INFORMATION SUPPLIED:
lemma constrained_min_directional:
  fixes \<phi> h :: "'a::real_inner \<Rightarrow> real"
  assumes d\<phi>: "(\<phi> has_derivative (\<lambda>w. g \<bullet> w)) (at u0)"
    and dh: "(h has_derivative (\<lambda>w. a \<bullet> w)) (at u0)" and h0: "h u0 = 0" and "a \<noteq> 0"
    and S: "open S" "u0 \<in> S" and hS: "continuous_on S h"
    and min: "\<And>u. h u = 0 \<Longrightarrow> \<phi> u0 \<le> \<phi> u"
    and av: "a \<bullet> v = 0"
  shows "0 \<le> g \<bullet> v"
proof (rule ccontr)
  \<comment> \<open>Otherwise the feasible points u0 + t v + s sgn a with \<bar>s\<bar> \<le> \<eta> t beat u0 for small t.\<close>
  assume "\<not> 0 \<le> g \<bullet> v"
  define c where "c = - (g \<bullet> v)"
  define \<eta> where "\<eta> = c / (4 * (norm g + 1))"
  define N where "N = norm v + \<eta>"
  have c: "c > 0" using \<open>\<not> 0 \<le> g \<bullet> v\<close> by (simp add: c_def)
  have \<eta>: "\<eta> > 0" using c unfolding \<eta>_def by (intro divide_pos_pos mult_pos_pos) (auto simp: add_nonneg_pos)
  have N: "N > 0" using \<eta> by (simp add: N_def add_nonneg_pos)
  obtain d where d: "d > 0"
    and d\<phi>': "\<And>u. norm (u - u0) < d \<Longrightarrow> \<bar>\<phi> u - \<phi> u0 - g \<bullet> (u - u0)\<bar> \<le> c / (4 * N) * norm (u - u0)"
  proof -
    have "c / (4 * N) > 0" using c N by simp
    with d\<phi> show thesis using that unfolding has_derivative_at_alt by (metis real_norm_def)
  qed
  obtain \<delta> where \<delta>: "\<delta> > 0"
    and zero: "\<And>t. 0 < t \<Longrightarrow> t < \<delta> \<Longrightarrow> \<exists>s. \<bar>s\<bar> \<le> \<eta> * t \<and> h (u0 + t *\<^sub>R v + s *\<^sub>R sgn a) = 0"
    using constraint_zero_near_line[OF dh h0 \<open>a \<noteq> 0\<close> av S hS \<eta>] by blast
  define t where "t = min \<delta> (d / N) / 2"
  have t: "0 < t" "t < \<delta>" using \<delta> d N by (auto simp: t_def)
  have "t \<le> d / N / 2" by (simp add: t_def)
  then have tN: "t * N < d" using d N by (simp add: field_simps)
  obtain s where s: "\<bar>s\<bar> \<le> \<eta> * t" and hp: "h (u0 + t *\<^sub>R v + s *\<^sub>R sgn a) = 0"
    using zero[OF t(1,2)] by blast
  define p where "p = u0 + t *\<^sub>R v + s *\<^sub>R sgn a"
  have np: "norm (p - u0) \<le> t * N"
    using norm_add_scaleR_sgn_le[of t v s a] s t by (simp add: p_def N_def algebra_simps)
  have "\<bar>g \<bullet> sgn a\<bar> \<le> norm g + 1"
    using Cauchy_Schwarz_ineq2[of g "sgn a"] \<open>a \<noteq> 0\<close> by (simp add: norm_sgn)
  then have "s * (g \<bullet> sgn a) \<le> \<bar>s\<bar> * (norm g + 1)"
    by (metis abs_ge_self abs_ge_zero abs_mult mult_left_mono order_trans)
  also have "\<dots> \<le> \<eta> * t * (norm g + 1)" using s by (simp add: mult_right_mono add_nonneg_pos)
  also have "\<dots> = c / 4 * t"
    using norm_ge_zero[of g] by (simp add: \<eta>_def field_simps del: norm_ge_zero)
  finally have gs: "s * (g \<bullet> sgn a) \<le> c / 4 * t" .
  have "\<phi> p - \<phi> u0 \<le> g \<bullet> (p - u0) + c / (4 * N) * norm (p - u0)"
    using d\<phi>'[of p] np tN by (simp add: abs_le_iff)
  also have "g \<bullet> (p - u0) = - (c * t) + s * (g \<bullet> sgn a)"
    by (simp add: p_def c_def inner_add_right)
  also have "c / (4 * N) * norm (p - u0) \<le> c / 4 * t"
    using mult_left_mono[OF np, of "c / (4 * N)"] c N by (simp add: field_simps)
  finally have "\<phi> p - \<phi> u0 \<le> - (c * t) + s * (g \<bullet> sgn a) + c / 4 * t" by simp
  moreover have "\<phi> u0 \<le> \<phi> p" using min hp by (simp add: p_def)
  moreover have "c / 4 * t > 0" using t c by simp
  ultimately show False using gs by (simp add: field_simps)
qed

WHAT IS NEEDED: Of the records above, copy each line that includes "moreover".

TASK SOLUTION:
  moreover have "\<phi> u0 \<le> \<phi> p" using min hp by (simp add: p_def)
  moreover have "c / 4 * t > 0" using t c by simp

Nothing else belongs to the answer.